**What you will do:** Quote the line containing "unfolding A using" and all lines that follow it in the listing below, exactly as written.

**Materials provided:**
text \<open>The only root of \<open>2x + s\<close> is \<open>-s/2\<close>, where \<open>rho n s\<close> takes the value \<open>-2(-s/2)\<^sup>n \<noteq> 0\<close>.\<close>
lemma rsquarefree_hyperelliptic:
  fixes s p :: "'a::field"
  assumes "(2::'a) \<noteq> 0" "s \<noteq> 0" "p \<noteq> 0" "rho n s \<noteq> 0"
    and rho_sqfree: "\<And>\<alpha>. poly (rho n s) \<alpha> = 0 \<Longrightarrow> poly (pderiv (rho n s)) \<alpha> \<noteq> 0"
  shows "rsquarefree (smult (p ^ 2) (rho n s * [:s, 2:]))"
proof (rule rsquarefreeI_pderiv)
  have "[:s, 2:] \<noteq> (0::'a poly)"
    using assms(1) by simp
  then show "smult (p ^ 2) (rho n s * [:s, 2:]) \<noteq> 0"
    using assms(3,4) by (simp only: smult_eq_0_iff mult_eq_0_iff) auto
  fix \<alpha> assume "poly (smult (p ^ 2) (rho n s * [:s, 2:])) \<alpha> = 0"
  moreover have "poly (smult (p ^ 2) (rho n s * [:s, 2:])) \<alpha> = p ^ 2 * (poly (rho n s) \<alpha> * (s + 2 * \<alpha>))"
    by (simp add: algebra_simps)
  ultimately have root: "poly (rho n s) \<alpha> * (s + 2 * \<alpha>) = 0"
    using assms(3) by simp
  have "pderiv (smult (p ^ 2) (rho n s * [:s, 2:]))
      = smult (p ^ 2) (rho n s * pderiv [:s, 2:] + pderiv (rho n s) * [:s, 2:])"
    by (simp only: pderiv_smult pderiv_mult mult.commute[of "pderiv (rho n s)"])
  moreover have "pderiv [:s, 2:] = [:2:]"
    by (simp add: pderiv_pCons)
  ultimately have "pderiv (smult (p ^ 2) (rho n s * [:s, 2:]))
      = smult (p ^ 2) (rho n s * [:2:] + pderiv (rho n s) * [:s, 2:])"
    by simp
  then have "poly (pderiv (smult (p ^ 2) (rho n s * [:s, 2:]))) \<alpha>
      = p ^ 2 * (2 * poly (rho n s) \<alpha> + poly (pderiv (rho n s)) \<alpha> * (s + 2 * \<alpha>))"
    by (simp add: algebra_simps)
  moreover have "poly (rho n s) \<alpha> \<noteq> 0 \<or> poly (pderiv (rho n s)) \<alpha> * (s + 2 * \<alpha>) \<noteq> 0"
  proof (cases "s + 2 * \<alpha> = 0")
    case True
    have "(s + 2 * \<alpha>) * poly ([:-1, 1:] ^ (n - 1)) \<alpha> = poly (rho n s) \<alpha> + 2 * \<alpha> ^ n"
      using arg_cong[OF rho_identity[of s n], of "\<lambda>q. poly q \<alpha>"] by (simp add: poly_monom algebra_simps)
    then have "poly (rho n s) \<alpha> + 2 * \<alpha> ^ n = 0"
      using True by (metis mult_zero_left)
    then have "poly (rho n s) \<alpha> = - 2 * \<alpha> ^ n"
      by (simp add: eq_neg_iff_add_eq_0)
    moreover have "\<alpha> \<noteq> 0"
      using True assms(2) by auto
    ultimately show ?thesis
      using assms(1) by simp
  next
    case False
    then show ?thesis
      using root rho_sqfree by auto
  qed
  ultimately show "poly (pderiv (smult (p ^ 2) (rho n s * [:s, 2:]))) \<alpha> \<noteq> 0"
    using root assms(1-3) by auto
qed

lemma hyperelliptic_no_smaller_function:
  fixes hs :: "nat \<Rightarrow> 'a::field poly"
  assumes "n = 2 * \<delta> + 1" "0 < \<delta>" "p \<noteq> 0" "degree \<rho> < n" "poly \<rho> 1 = - 2" "(2::'a) \<noteq> 0"
    and inverse: "[:0, 1:] ^ (2 * n) dvd [:-1, 1:] ^ \<delta> * w' - 1"
    and "\<exists>i<2. hs i \<noteq> 0" "pole_order n 2 hs = k" "0 < k" "k < 2 * n"
    and dvd: "[:0, 1:] ^ k dvd poly (fun_poly 2 hs) (smult p (monom 1 n + \<rho>) * w')"
  shows False
proof -
  define w v :: "'a poly" where "w = [:-1, 1:] ^ \<delta>" and "v = smult p (monom 1 n + \<rho>)"
  have "hs 0 * w + hs 1 * v = poly (fun_poly 2 hs) (v * w') * w - hs 1 * v * (w * w' - 1)"
    by (simp add: poly_fun_poly numeral_2_eq_2 algebra_simps)
  moreover have "[:0, 1:] ^ k dvd hs 1 * v * (w * w' - 1)"
    using le_imp_power_dvd[of k "2 * n"] assms(11) inverse dvd_trans
    by (metis dvd_mult less_imp_le w_def)
  ultimately have "[:0, 1:] ^ k dvd hs 0 * w + hs 1 * v"
    using dvd by (simp add: v_def dvd_diff dvd_mult2)
  moreover have "hs 0 \<noteq> 0 \<or> hs 1 \<noteq> 0"
    using assms(8) less_2_cases by (metis One_nat_def)
  moreover have weight: "2 * degree (hs i) + n * i \<le> k" if "i < 2" "hs i \<noteq> 0" for i
    using weight_leD[OF weight_le_pole_order[of 2 n hs], of i] that assms(9)
    by (simp add: coeff_fun_poly)
  ultimately show False
    using hyperelliptic_no_small_pair[OF assms(1-6), of "hs 0" "hs 1" k] weight[of 0] weight[of 1]
      assms(10,11) by (simp add: w_def v_def)
qed
lemma card_independent_directions_le:
  fixes f :: "'a::metric_space \<Rightarrow> real"
  assumes few_cones: "\<forall>P :: ('a \<times> 'a) set. disjoint_cones P \<longrightarrow> finite P \<and> card P \<le> k"
    and f: "f \<in> Delta" "\<Union>(Apairs f) = UNIV"
    and B: "B \<subseteq> {g - h | g h. g \<in> H (Apairs f) \<and> h \<in> H (Apairs f)}" "lin_indep B"
  shows "2 * card B \<le> k"
proof -
  define v where "v z = (\<lambda>b. if b \<in> B then b z else 0)" for z
  have v_partner: "v w = - v z" if "{z, w} \<in> Apairs f" for z w
  proof -
    have "b z + b w = 0" if "b \<in> B" for b
      using B(1) \<open>b \<in> B\<close> \<open>{z, w} \<in> Apairs f\<close> H_direction_antisymmetric by blast
    then show ?thesis
      by (auto simp: v_def fun_eq_iff eq_neg_iff_add_eq_0 add.commute)
  qed
  have "\<exists>x. \<forall>y\<in>cone x z. v y = v z" for z
  proof -
    obtain x where "{z, x} \<in> Apairs f"
      using Apairs_partner[OF f(2)] .
    then have x: "{x, z} \<in> Apairs f"
      by (simp add: insert_commute)
    have "v y = v z" if "y \<in> cone x z" for y
    proof -
      obtain w where w: "{y, w} \<in> Apairs f"
        using Apairs_partner[OF f(2)] .
      moreover have "{z, w} \<in> Apairs f"
        using Apairs_cone_transfer[OF f(1) x w that] .
      ultimately show ?thesis
        using v_partner by (metis neg_equal_iff_equal)
    qed
    then show ?thesis
      by blast
  qed
  then have "finite (range v) \<and> card (range v) \<le> k"
    using card_range_le_if_constant_on_cones[OF few_cones] by blast
  moreover have "2 * card B \<le> card (range v - {0})"
  proof (rule card_independent_le_half_nonzero_values[OF B(2)])
    show "finite (range v)"
      using \<open>finite (range v) \<and> card (range v) \<le> k\<close> by blast
    show "v z b = b z" if "b \<in> B" for b z
      using that by (simp add: v_def)
    show "\<exists>w. v w = - v z" for z
      using Apairs_partner[OF f(2)] v_partner by metis
  qed
  moreover have "card (range v - {0}) \<le> card (range v)"
    using calculation(1) by (intro card_mono) auto
  ultimately show ?thesis
    by linarith
qed

lemma twice_rk_le:
  fixes A :: "'a::metric_space set set"
  assumes "\<And>B. B \<subseteq> {g - h | g h. g \<in> H A \<and> h \<in> H A} \<Longrightarrow> lin_indep B \<Longrightarrow> 2 * card B \<le> k"
  shows "2 * rk A \<le> enat k"
proof -
  have "rk A \<le> enat (k div 2)"
    unfolding rk_def
  proof (rule Sup_least)
    fix x
    assume "x \<in> {enat (card B) | B. B \<subseteq> {g - h | g h. g \<in> H A \<and> h \<in> H A} \<and> lin_indep B}"
    then obtain B :: "('a \<Rightarrow> real) set" where "x = enat (card B)" "2 * card B \<le> k"
      using assms by blast
    then show "x \<le> enat (k div 2)"
      by simp
  qed
  then have "2 * rk A \<le> 2 * enat (k div 2)"
    by (simp add: mult_left_mono)
  also have "\<dots> \<le> enat k"
    by (simp add: numeral_eq_enat)
  finally show ?thesis .
qed

theorem proposition5p3:
  fixes k :: nat
  assumes "\<forall>P :: ('a::metric_space \<times> 'a) set.
             (\<forall>p\<in>P. \<forall>q\<in>P. p \<noteq> q \<longrightarrow>
                cone (fst p) (snd p) \<inter> cone (fst q) (snd q) = {})
             \<longrightarrow> finite P \<and> card P \<le> k"
  shows "\<forall>A \<in> (scrA :: 'a set set set). 2 * rk A \<le> enat k"
proof
  fix A :: "'a set set"
  assume "A \<in> scrA"
  then obtain f where f: "f \<in> Delta" "\<Union>(Apairs f) = UNIV" and A: "A = Apairs f"
    unfolding scrA_def by blast
  have few_cones: "\<forall>P :: ('a \<times> 'a) set. disjoint_cones P \<longrightarrow> finite P \<and> card P \<le> k"
    using assms unfolding disjoint_cones_def .
  show "2 * rk A \<le> enat k"
    unfolding A using card_independent_directions_le[OF few_cones f] by (rule twice_rk_le)
qed

end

**Solution to this problem:**
    unfolding A using card_independent_directions_le[OF few_cones f] by (rule twice_rk_le)
qed

end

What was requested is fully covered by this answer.